1980’lerden sonra mülkiyet yapısındaki değişim özellikle medyanın böyle bir dönüşüm yaşamasında etkili olmuştur. 1980’lere kadar gazeteci ailelerin kontrolünde faaliyetlerini sürdüren basın sektörü, 1980’ler ve özellikle 1990’lı yıllardan itibaren holdinglerin medyaya girişiyle yeni bir nitelik kazanmıştır. Medyadaki her etkili grup kendine ait gazete, radyo, televizyon, banka ve diğer sınaî-ticari kuruluşlarıyla holding yapısına kavuşmuştur. Dahası 1980'lerdetek bir devlet bu şirketlerin tüm faaliyetinin yalnızca bir bölümü üzerinde söz sahibi olabiliyordu. Bunun yanı sıra, boyutları açısından devletlerin çoğu birçok ulusötesi şirket yanında zaten cüce kalmaktaydı (Lafeber, 2001: 44).

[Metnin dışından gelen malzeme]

(* For a fixed full cycle s, exactly |N| * C(|N|, 3) permutations t make [s, t] a 3-cycle:
   relabel t by map t xs, group the arrangements by their cycle u = t s t^-1, and count the
   admissible u with card_three_cycle_quotients. *)
lemma card_three_cycle_commutators:
  assumes N: "finite N" "card N > 2" and s: "s \<in> full_cycles N"
  shows "card {t. t permutes N \<and> is_k_cycle 3 (commutator s t)} = card N * (card N choose 3)"
proof -
  define n where "n = card N"
  obtain xs where xs: "distinct xs" "set xs = N" "s = cycle_of_list xs"
    using full_cycle_list[of N s] s N unfolding full_cycles_def by auto
  have xs_arr: "xs \<in> permutations_of_set N" using xs by (auto intro: permutations_of_setI)
  have xs_length: "length xs = n" unfolding n_def using xs by (metis distinct_card)
  define U where "U = {u. u permutes N \<and> is_k_cycle n u \<and> is_k_cycle 3 (s \<circ> inv u)}"
  have "{t. t permutes N \<and> is_k_cycle 3 (commutator s t)}
        = {t \<in> {t. t permutes N}. is_k_cycle 3 (s \<circ> inv (cycle_of_list (map t xs)))}"
    using commutator_cycle_of_list[OF xs(1)] xs(3) by (auto simp: permutes_bij)
  also have "card \<dots> = card {ys \<in> permutations_of_set N. is_k_cycle 3 (s \<circ> inv (cycle_of_list ys))}"
    by (rule bij_betw_card_filter[OF relabelling_bij[OF N(1) xs_arr]])
  also have "{ys \<in> permutations_of_set N. is_k_cycle 3 (s \<circ> inv (cycle_of_list ys))}
             = {ys \<in> permutations_of_set N. cycle_of_list ys \<in> U}"
    using arrangement_full_cycle unfolding U_def full_cycles_def n_def by blast
  also have "card \<dots> = n * card U"
    using card_arrangements_of_full_cycles[OF N(1), of U] N(2)
    unfolding U_def full_cycles_def n_def by auto
  also have "card U = n choose 3"
    using card_three_cycle_quotients[OF xs(1) xs_length] unfolding U_def xs(2,3) .
  finally show ?thesis unfolding n_def .
qed

lemma card_three_cycle_commutator_pairs:
  assumes "finite N" "card N > 2"
  shows "card {(s, t). s permutes N \<and> t permutes N \<and> is_k_cycle 3 (commutator s t) \<and> is_k_cycle (card N) s}
         = (card N choose 3) * fact (card N)"
proof -
  define T where "T s = {t. t permutes N \<and> is_k_cycle 3 (commutator s t)}" for s
  have "{(s, t). s permutes N \<and> t permutes N \<and> is_k_cycle 3 (commutator s t) \<and> is_k_cycle (card N) s}
        = Sigma (full_cycles N) T"
    unfolding T_def full_cycles_def by auto
  also have "card \<dots> = (\<Sum>s\<in>full_cycles N. card (T s))"
    using assms(1) finite_full_cycles unfolding T_def by (intro card_SigmaI) (auto simp: finite_permutations)
  also have "\<dots> = card (full_cycles N) * (card N * (card N choose 3))"
    using card_three_cycle_commutators[OF assms] unfolding T_def by simp
  also have "\<dots> = (card N choose 3) * fact (card N)"
    using card_full_cycles[OF assms(1)] assms(2) by (simp add: algebra_simps)
  finally show ?thesis .
qed

theorem mainTheorem2:
  fixes n :: nat
  assumes "n > 2"
  shows "card {(s, t). s permutes {1..n} \<and> t permutes {1..n} \<and>
                 is_k_cycle 3 (commutator s t) \<and> is_k_cycle n s}
         = (n choose 3) * fact n"
  using card_three_cycle_commutator_pairs[of "{1..n}"] assms by simp

end
lemma truncation_error_tendsto_zero:
  fixes g :: "real \<Rightarrow> real \<times> 's \<Rightarrow> real"
  assumes integrable: "\<forall>\<^sub>F x in F. integrable (M x) (g x)"
    and tail: "\<And>x z. \<bar>fst z - x\<bar> > x powr \<zeta> \<Longrightarrow> \<bar>g x z\<bar> \<le> B * \<bar>fst z - x\<bar> powr k"
    and k: "0 \<le> k" "k \<le> p" and B: "0 \<le> B" and a: "a < \<zeta> * (p - k)"
  shows "((\<lambda>x. x powr a * (measure_pmf.expectation (M x) (\<lambda>z. g x z * indicator (window x) z)
                            - measure_pmf.expectation (M x) (g x))) \<longlongrightarrow> 0) F"
proof (rule Lim_null_comparison)
  show "((\<lambda>x. B * C * x powr (a - \<zeta> * (p - k))) \<longlongrightarrow> 0) F"
    using tendsto_mult_right_zero[OF tendsto_powr_neg] a by simp
  show "\<forall>\<^sub>F x in F. norm (x powr a * (measure_pmf.expectation (M x) (\<lambda>z. g x z * indicator (window x) z)
                            - measure_pmf.expectation (M x) (g x))) \<le> B * C * x powr (a - \<zeta> * (p - k))"
    using moment integrable eventually_pos
  proof eventually_elim
    case (elim x)
    have "\<bar>measure_pmf.expectation (M x) (\<lambda>z. g x z * indicator (window x) z)
          - measure_pmf.expectation (M x) (g x)\<bar> \<le> B * C / (x powr \<zeta>) powr (p - k)"
      by (rule truncated_expectation_error_bound) (use elim tail k B in auto)
    then have "x powr a * \<bar>measure_pmf.expectation (M x) (\<lambda>z. g x z * indicator (window x) z)
          - measure_pmf.expectation (M x) (g x)\<bar> \<le> x powr a * (B * C / (x powr \<zeta>) powr (p - k))"
      by (rule mult_left_mono) simp
    also have "\<dots> = B * C * x powr (a - \<zeta> * (p - k))"
      by (simp only: powr_powr powr_diff[of x a "\<zeta> * (p - k)"]) (metis mult.commute times_divide_eq_right)
    finally show ?case by (simp add: abs_mult)
  qed
qed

Öte yandan hızlı bir tekelleşme sürecine giren medya, ekonomik ve ideolojik çıkarlarına hizmet eden söylemleri meşrulaştırmaktadır. Bu anlamda gündelik hayata yansıyan “tek tip” prototipi, haber üretim aşamalarına da yansımıştır. Neoliberal politikalar ekseninde değişen haber olgusu bireyleri alternatif medya arayışına sürüklemiştir.